ASSIGNMENT ▸ Scan the data for "where" and copy each matching line.

RECORDS PROVIDED ▸
(* Let $m\ge1$ and let $X_i^j$, $1\le i\le m$, $1\le j\le4$, be i.i.d. $\mathcal{N}(0,\Sigma)$ random vectors in $\mathbb{R}^d$. Let $Z_i=\frac14\langle X_i^1-X_i^3,X_i^2-X_i^4\rangle^2$. Then for all $q\in\mathbb{N}$, $$\mathbb{E}\Big[\Big(\frac1m\sum_{i=1}^mZ_i-\operatorname{Tr}\Sigma^2\Big)^{2q}\Big]\le\Big(4\sqrt2\,\phi\,q^2\frac{\operatorname{Tr}\Sigma^2}{\sqrt m}\Big)^{2q},$$ where $\phi=(1+\sqrt5)/2$.
   Context: $\operatorname{Tr}$ denotes the trace; $\mathbb{N}=\{0,1,2,\dots\}$ with $0^0=1$. *)

theory Defs
  imports "HOL-Probability.Probability"
begin

definition centered_gaussian_vector ::
  "'a measure \<Rightarrow> ('a \<Rightarrow> real^'d) \<Rightarrow> real^'d^'d \<Rightarrow> bool" where
  "centered_gaussian_vector M X S \<longleftrightarrow>
     X \<in> borel_measurable M \<and>
     (\<forall>v::real^'d. let s = v \<bullet> (S *v v) in
        distr M borel (\<lambda>\<omega>. v \<bullet> X \<omega>) =
          (if s = 0 then return borel 0
           else density lborel (normal_density 0 (sqrt s))))"

end

theory Submission
  imports Defs
begin

text \<open>
  Put \<open>Y\<^sub>i = Z\<^sub>i - Tr \<Sigma>\<^sup>2\<close> and \<open>B\<^sub>i = X\<^sub>i\<^sup>2 - X\<^sub>i\<^sup>4\<close>. Conditionally on \<open>B\<^sub>i\<close>, the inner product
  \<open>\<langle>X\<^sub>i\<^sup>1 - X\<^sub>i\<^sup>3, B\<^sub>i\<rangle>\<close> is centred normal with variance \<open>2 B\<^sub>i\<^sup>T \<Sigma> B\<^sub>i\<close>, so
  \<open>E Z\<^sub>i\<^sup>k = (2k-1)!! E (B\<^sub>i\<^sup>T \<Sigma> B\<^sub>i / 2)\<^sup>k\<close>. Writing \<open>\<Sigma> = \<Sum>\<^sub>j w\<^sub>j w\<^sub>j\<^sup>T\<close>, the quadratic form
  \<open>B\<^sup>T \<Sigma> B = \<Sum>\<^sub>j \<langle>w\<^sub>j, B\<rangle>\<^sup>2\<close> is a sum of squared Gaussians, and Jensen's inequality with weights
  proportional to \<open>w\<^sub>j\<^sup>T \<Sigma> w\<^sub>j\<close> gives \<open>E Z\<^sub>i\<^sup>k \<le> ((2k-1)!!)\<^sup>2 (Tr \<Sigma>\<^sup>2)\<^sup>k \<le> k\<^sup>2\<^sup>k (Tr \<Sigma>\<^sup>2)\<^sup>k\<close>.
  Hence the \<open>Y\<^sub>i\<close> are independent and centred with \<open>E |Y\<^sub>i|\<^sup>n \<le> 2 n\<^sup>2\<^sup>n (Tr \<Sigma>\<^sup>2)\<^sup>n\<close>.
  Adding one summand at a time and expanding \<open>(Y + S)\<^sup>n\<close> binomially (the linear term vanishes)
  gives by induction \<open>|E (\<Sum>\<^sub>i Y\<^sub>i)\<^sup>n| \<le> (2 n\<^sup>2 Tr \<Sigma>\<^sup>2)\<^sup>n m\<^sup>n\<^sup>/\<^sup>2\<close>; for \<open>n = 2q\<close> this is the claim
  with the constant \<open>8 \<le> 4 \<surd>2 \<phi>\<close>.
\<close>

section \<open>Elementary inequalities\<close>

text \<open>The \<open>2k\<close>-th moment \<open>(2k - 1)!!\<close> of a standard normal variable.\<close>

definition gauss_moment :: "nat \<Rightarrow> real" where
  "gauss_moment k = fact (2 * k) / (2 ^ k * fact k)"

lemma gauss_moment_0 [simp]: "gauss_moment 0 = 1"
  by (simp add: gauss_moment_def)

lemma gauss_moment_Suc: "gauss_moment (Suc k) = (2 * real k + 1) * gauss_moment k"
proof -
  have "gauss_moment (Suc k)
      = (2 * (real k + 1)) * ((2 * real k + 1) * fact (2 * k)) / ((2 * (real k + 1)) * (2 ^ k * fact k))"
    unfolding gauss_moment_def by (simp add: algebra_simps)
  then show ?thesis
    by (simp add: gauss_moment_def del: mult_divide_mult_cancel_left_if)
qed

EXERCISE OUTPUT ▸
(* Let $m\ge1$ and let $X_i^j$, $1\le i\le m$, $1\le j\le4$, be i.i.d. $\mathcal{N}(0,\Sigma)$ random vectors in $\mathbb{R}^d$. Let $Z_i=\frac14\langle X_i^1-X_i^3,X_i^2-X_i^4\rangle^2$. Then for all $q\in\mathbb{N}$, $$\mathbb{E}\Big[\Big(\frac1m\sum_{i=1}^mZ_i-\operatorname{Tr}\Sigma^2\Big)^{2q}\Big]\le\Big(4\sqrt2\,\phi\,q^2\frac{\operatorname{Tr}\Sigma^2}{\sqrt m}\Big)^{2q},$$ where $\phi=(1+\sqrt5)/2$.
  "'a measure \<Rightarrow> ('a \<Rightarrow> real^'d) \<Rightarrow> real^'d^'d \<Rightarrow> bool" where
definition gauss_moment :: "nat \<Rightarrow> real" where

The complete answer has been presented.